While neither of these methods clear the shuttle valves , after fitting new discs and pads and pushing the new/old fluid back to the master cylinder I now have a perfect pedal, just like my old RRC.
Regards Philip A
Not sure if this will help demystify the bleed process or not...
When the ignition is switched on the modulator valves are set to the default state - inlet valves are open and outlet valves are closed. Pressing the brake pedal causes the Shuttle Valve to close and brake fluid flows through circuit A then passes out the open inlet valve (12). Using the traditional pump and bleed method with the ignition switched on means that none of the fluid in circuit B or the return pump is bled.
When you run the modulator return pump the shuttle valve remains in it's unpressurised state and fluid is drawn around circuit B, then pumped into circuit A. The outlet valves remain closed so fluid between these valves (11), the expansion chambers (10) and the first non return valve (9) at circuit B is not replaced.
If you use a vacuum pump as suggested by Philip and have power removed from the modulator solenoid valves - which I suspect might require unplugging the harness from the modulator - the inlet and outlet valves should be open. Fluid will be drawn through circuit a, and circuit b. The non-return will limit prevent fluid flowing back through the outlet valves so it doesn't significantly improve bleeding in this section of the modulator. It should give a marginally better bleed than running the modulator pump, but still has a few "dead zones".
The HDC cycle I suggested earlier activates the pump and outlet valves to recirculates brake fluid through the portions of the modulator that aren't fully bled by the other methods.
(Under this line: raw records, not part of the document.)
lemma half_grid_coset_point_in_orbit:
  assumes per: "(F ^^ q) y = y + real l" and cop: "coprime l q" and "q > 0"
    and y: "real (2 * n) * y \<in> \<int>" and c: "c < gcd n q"
  shows "\<exists>k. (F ^^ k) y - (y + real c / real (gcd n q)) \<in> \<int>"
    and "real (2 * n) * (y + real c / real (gcd n q)) \<in> \<int>"
proof -
  define d where "d = gcd n q"
  have d: "d dvd q" "d dvd n" "d > 0" unfolding d_def using n_pos by auto
  obtain k \<beta> where "\<And>c. (F ^^ (k * c)) y = y + real c / real d + real c * real_of_int \<beta>"
    using funpow_orbit_translates[OF per cop d] by blast
  then have "(F ^^ (k * c)) y - (y + real c / real d) = real_of_int (int c * \<beta>)" by simp
  then show "\<exists>k. (F ^^ k) y - (y + real c / real (gcd n q)) \<in> \<int>" unfolding d_def
    by (metis Ints_of_int)
  obtain e where "n = d * e" using d(2) by blast
  then have "real (2 * n) * (real c / real d) = real (2 * c * e)" using d(3) by simp
  then show "real (2 * n) * (y + real c / real (gcd n q)) \<in> \<int>"
    using y unfolding d_def by (simp add: distrib_left)
qed

lemma half_grid_orbit_mod_Ints:
  assumes per: "(F ^^ q) x = x + real l" and cop: "coprime l q" and q: "odd q"
    and a: "a < q" "real (2 * n) * (F ^^ a) x \<in> \<int>"
  shows "{w. \<exists>i<q. real (2 * n) * (F ^^ i) x \<in> \<int> \<and> w - (F ^^ i) x \<in> \<int>}
       = {w. \<exists>c<gcd n q. w - ((F ^^ a) x + real c / real (gcd n q)) \<in> \<int>}"
proof (intro set_eqI iffI CollectI; elim CollectE exE conjE)
  define y where "y = (F ^^ a) x"
  have "q > 0" using q by presburger
  have per_y: "(F ^^ q) y = y + real l" unfolding y_def by (rule funpow_period_shift[OF per])
  fix w i assume i: "i < q" "real (2 * n) * (F ^^ i) x \<in> \<int>" and w: "w - (F ^^ i) x \<in> \<int>"
  have "(F ^^ (i + q - a)) y = (F ^^ (i + q - a + a)) x" unfolding y_def funpow_add by simp
  also have "i + q - a + a = i + q" using a(1) by simp
  also have "(F ^^ (i + q)) x = (F ^^ i) x + real_of_int (int l)"
    using per funpow_add_of_int[of i x "int l"] by (simp add: funpow_add)
  finally obtain c where "c < gcd n q" "(F ^^ i) x - (y + real c / real (gcd n q)) \<in> \<int>"
    using half_grid_orbit_point_in_coset[OF per_y q a(2)[folded y_def]] i(2) by blast
  then show "\<exists>c<gcd n q. w - ((F ^^ a) x + real c / real (gcd n q)) \<in> \<int>"
    using diff_in_Ints_trans[OF w] unfolding y_def by blast
next
  define y where "y = (F ^^ a) x"
  have "q > 0" using q by presburger
  have per_y: "(F ^^ q) y = y + real l" unfolding y_def by (rule funpow_period_shift[OF per])
  fix w c assume c: "c < gcd n q" and w: "w - ((F ^^ a) x + real c / real (gcd n q)) \<in> \<int>"
  define z where "z = y + real c / real (gcd n q)"
  obtain k where k: "(F ^^ k) y - z \<in> \<int>" and z: "real (2 * n) * z \<in> \<int>"
    using half_grid_coset_point_in_orbit[OF per_y cop \<open>q > 0\<close> a(2)[folded y_def] c]
    unfolding z_def by blast
  define i where "i = (k + a) mod q"
  have "(F ^^ k) y = (F ^^ i) x + real ((k + a) div q * l)"
    unfolding y_def i_def using funpow_period[OF per, of "k + a"] by (simp add: funpow_add)
  then have i: "(F ^^ i) x - z = ((F ^^ k) y - z) - real ((k + a) div q * l)" by simp
  have close: "(F ^^ i) x - z \<in> \<int>" unfolding i by (intro Ints_diff k Ints_of_nat)
  have "real (2 * n) * (F ^^ i) x = real (2 * n) * z + real (2 * n) * ((F ^^ i) x - z)"
    by (simp add: algebra_simps)
  then have "real (2 * n) * (F ^^ i) x \<in> \<int>" using z close by simp
  moreover have "w - (F ^^ i) x \<in> \<int>"
    using diff_in_Ints_trans[OF w[folded y_def, folded z_def] diff_in_Ints_commute[OF close]] .
  moreover have "i < q" unfolding i_def using \<open>q > 0\<close> by simp
  ultimately show "\<exists>i<q. real (2 * n) * (F ^^ i) x \<in> \<int> \<and> w - (F ^^ i) x \<in> \<int>" by blast
qed

end

section \<open>Vertices and midpoints on a star\<close>

lemma dihedral_lift_g_lift:
  assumes "n \<ge> 4" "0 < r" "r \<le> rn n"
  shows "dihedral_lift (g_lift n r) n"
  by unfold_locales (use assms g_lift_strict_mono g_lift_rotate g_lift_reflect in auto)

lemma star_points_in_vertices_midpoints:
  assumes n: "n \<ge> 4" and u: "\<And>i. i < q \<Longrightarrow> u i = polyP n (t i)"
  shows "{u i | i. i < q} \<inter> (vertices n \<union> midpoints n)
       = polyP n ` {w. \<exists>i<q. real (2 * n) * t i \<in> \<int> \<and> w - t i \<in> \<int>}"
proof (intro set_eqI iffI)
  fix z assume "z \<in> {u i | i. i < q} \<inter> (vertices n \<union> midpoints n)"
  then obtain i where i: "i < q" "z = u i" "z \<in> vertices n \<union> midpoints n" by blast
  then have "real (2 * n) * t i \<in> \<int>" using u polyP_in_vertices_midpoints_iff[OF n] by simp
  then show "z \<in> polyP n ` {w. \<exists>i<q. real (2 * n) * t i \<in> \<int> \<and> w - t i \<in> \<int>}"
    using i u by (intro image_eqI[of _ _ "t i"]) auto
next
  fix z assume "z \<in> polyP n ` {w. \<exists>i<q. real (2 * n) * t i \<in> \<int> \<and> w - t i \<in> \<int>}"
  then obtain w i where z: "z = polyP n w" and i: "i < q" "real (2 * n) * t i \<in> \<int>" "w - t i \<in> \<int>"
    by blast
  then have "z = u i" using u polyP_eq_iff[OF n] by simp
  moreover have "u i \<in> vertices n \<union> midpoints n"
    using u[OF i(1)] i(2) polyP_in_vertices_midpoints_iff[OF n] by simp
  ultimately show "z \<in> {u i | i. i < q} \<inter> (vertices n \<union> midpoints n)" using i(1) by blast
qed

lemma card_polyP_translates_mod_Ints:
  assumes n: "n \<ge> 4" and d: "d > 0"
  shows "card (polyP n ` {w. \<exists>c<d. w - (y + real c / real d) \<in> \<int>}) = d"
proof -
  have "polyP n ` {w. \<exists>c<d. w - (y + real c / real d) \<in> \<int>}
      = (\<lambda>c. polyP n (y + real c / real d)) ` {..<d}"
    using polyP_eq_iff[OF n] by (auto simp: image_iff)
  moreover have "inj_on (\<lambda>c. polyP n (y + real c / real d)) {..<d}"
  proof (rule inj_onI)
    fix c c' assume "c \<in> {..<d}" "c' \<in> {..<d}"
      and "polyP n (y + real c / real d) = polyP n (y + real c' / real d)"
    then have "(real c - real c') / real d \<in> \<int>"
      using polyP_eq_iff[OF n] by (simp add: diff_divide_distrib)
    then obtain m where m: "(real c - real c') / real d = real_of_int m" by (elim Ints_cases)
    moreover have "- 1 < (real c - real c') / real d" "(real c - real c') / real d < 1"
      using \<open>c \<in> {..<d}\<close> \<open>c' \<in> {..<d}\<close> d by (auto simp: field_simps)
    ultimately have "m = 0" by simp
    then have "(real c - real c') / real d = 0" using m by simp
    then show "c = c'" using d by simp
  qed
  ultimately show ?thesis by (simp add: card_image)
qed

theorem lemma5p13:
  fixes n l :: nat and r :: real and u :: "nat \<Rightarrow> complex"
  assumes "l \<ge> 1" and "n \<ge> 4 * l + 2"
    and "equilateral_star n l r u"
  shows "card ({u i | i. i < 2*l+1} \<inter> (vertices n \<union> midpoints n)) = 0
       \<or> card ({u i | i. i < 2*l+1} \<inter> (vertices n \<union> midpoints n)) = gcd n (2*l+1)"
proof -
  define q where "q = 2 * l + 1"
  define F where "F = g_lift n r"
  have n: "n \<ge> 4" \<comment> \<open>the only use of the bounds on \<open>l\<close> and \<open>n\<close>\<close>
    using assms(1,2) by simp
  obtain s where u: "\<And>i. i < q \<Longrightarrow> u i = polyP n ((F ^^ i) s)" and per: "(F ^^ q) s = s + real l"
    using equilateral_star_orbit[OF n assms(3)] unfolding q_def F_def by blast
  interpret dihedral_lift F n
    using assms(3) dihedral_lift_g_lift[OF n] unfolding equilateral_star_def F_def by blast
  define T where "T = {w. \<exists>i<q. real (2 * n) * (F ^^ i) s \<in> \<int> \<and> w - (F ^^ i) s \<in> \<int>}"
  have A: "{u i | i. i < q} \<inter> (vertices n \<union> midpoints n) = polyP n ` T"
    unfolding T_def by (rule star_points_in_vertices_midpoints[OF n u])
  have "card (polyP n ` T) = gcd n q" if "T \<noteq> {}"
  proof -
    obtain a where "a < q" "real (2 * n) * (F ^^ a) s \<in> \<int>" using \<open>T \<noteq> {}\<close> unfolding T_def by blast
    moreover have "coprime l q"
      unfolding q_def coprime_iff_gcd_eq_1 using gcd_add_mult[of l 2 1] by simp
    moreover have "odd q" unfolding q_def by simp
    ultimately have "T = {w. \<exists>c<gcd n q. w - ((F ^^ a) s + real c / real (gcd n q)) \<in> \<int>}"
      unfolding T_def using half_grid_orbit_mod_Ints[OF per] by blast
    then show ?thesis using card_polyP_translates_mod_Ints[OF n] n by simp
  qed
  then show ?thesis unfolding A[unfolded q_def] q_def by (cases "T = {}") auto
qed
end
lemma card_Int_times_in_span:
  assumes "finite N" and "T \<subseteq> N" and "h \<in> fun_space.span (multilinear_monomials N k)"
  shows "(\<lambda>Y. of_nat (card (Y \<inter> T)) * h Y) \<in> fun_space.span (multilinear_monomials N (Suc k))"
  using assms(3)
proof (induction rule: fun_space.span_induct_alt)
  case base
  show ?case using fun_space.span_zero by (simp add: zero_fun_def)
next
  case (step c x y)
  then obtain S where S: "S \<subseteq> N" "card S \<le> k" and x: "x = subset_monomial S"
    by (auto simp: multilinear_monomials_def)
  have "finite T" using assms(1,2) finite_subset by blast
  have "(\<lambda>Y. of_nat (card (Y \<inter> T)) * x Y) = (\<Sum>i\<in>T. subset_monomial (insert i S))"
  proof
    fix Y
    have "of_nat (card (Y \<inter> T)) = (\<Sum>i\<in>T. (if i \<in> Y then 1 else 0 :: rat))"
      using \<open>finite T\<close> by (simp add: sum.If_cases Int_commute)
    then show "of_nat (card (Y \<inter> T)) * x Y = (\<Sum>i\<in>T. subset_monomial (insert i S)) Y"
      by (simp add: x subset_monomial_def sum_distrib_right sum_fun_apply)
  qed
  moreover have "(\<Sum>i\<in>T. subset_monomial (insert i S)) \<in> fun_space.span (multilinear_monomials N (Suc k))"
  proof (rule fun_space.span_sum, rule fun_space.span_base)
    fix i assume "i \<in> T"
    moreover have "finite S" using S assms(1) finite_subset by blast
    ultimately show "subset_monomial (insert i S) \<in> multilinear_monomials N (Suc k)"
      using S assms(2) by (auto simp: multilinear_monomials_def card_insert_if)
  qed
  ultimately have "(\<lambda>Y. of_nat (card (Y \<inter> T)) * x Y) \<in> fun_space.span (multilinear_monomials N (Suc k))"
    by simp
  then have "(\<lambda>Y. c * (of_nat (card (Y \<inter> T)) * x Y)) + (\<lambda>Y. of_nat (card (Y \<inter> T)) * y Y)
      \<in> fun_space.span (multilinear_monomials N (Suc k))"
    using step.IH by (intro fun_space.span_add fun_space.span_scale)
  also have "(\<lambda>Y. c * (of_nat (card (Y \<inter> T)) * x Y)) + (\<lambda>Y. of_nat (card (Y \<inter> T)) * y Y)
      = (\<lambda>Y. of_nat (card (Y \<inter> T)) * ((\<lambda>Y. c * x Y) + y) Y)"
    by (simp add: fun_eq_iff algebra_simps)
  finally show ?case .
qed

lemma poly_card_Int_in_span:
  assumes "finite N" and "T \<subseteq> N" and "degree h \<le> k"
  shows "(\<lambda>Y. of_int (poly h (int (card (Y \<inter> T)))) :: rat) \<in> fun_space.span (multilinear_monomials N k)"
proof -
  have power_in_span: "(\<lambda>Y. of_nat (card (Y \<inter> T)) ^ j) \<in> fun_space.span (multilinear_monomials N j)" for j
  proof (induction j)
    case 0
    have "(\<lambda>Y. (of_nat (card (Y \<inter> T)) :: rat) ^ 0) = subset_monomial {}"
      by (simp add: subset_monomial_def fun_eq_iff)
    then show ?case by (auto simp: multilinear_monomials_def intro!: fun_space.span_base)
  next
    case (Suc j)
    from card_Int_times_in_span[OF assms(1,2) Suc] show ?case by simp
  qed
  have "(\<lambda>Y. of_int (poly h (int (card (Y \<inter> T)))) :: rat) =
      (\<Sum>i\<le>degree h. (\<lambda>Y. of_int (coeff h i) * of_nat (card (Y \<inter> T)) ^ i))"
    by (simp add: fun_eq_iff sum_fun_apply poly_altdef)
  also have "\<dots> \<in> fun_space.span (multilinear_monomials N k)"
  proof (intro fun_space.span_sum fun_space.span_scale)
    fix i assume "i \<in> {..degree h}"
    with assms(3) have "i \<le> k" by simp
    then show "(\<lambda>Y. of_nat (card (Y \<inter> T)) ^ i) \<in> fun_space.span (multilinear_monomials N k)"
      using power_in_span multilinear_monomials_mono by blast
  qed
  finally show ?thesis .
qed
The Nanocom has bleed functions that allow you to replicate a full WABCO bleed procedure (which also includes a manual bleed with power disconnected from the modulator - see below for fluid flow) but this will require two people and 30-60 minutes to complete. The WABCO procedure which seems very close to descriptions I've read of the Testbook bleed uses three different methods of moving fluid through the braking system and provides the most thorough bleed.
cheers
Paul
Paul,
Do you have any idea how much fluid id required for a full bleed?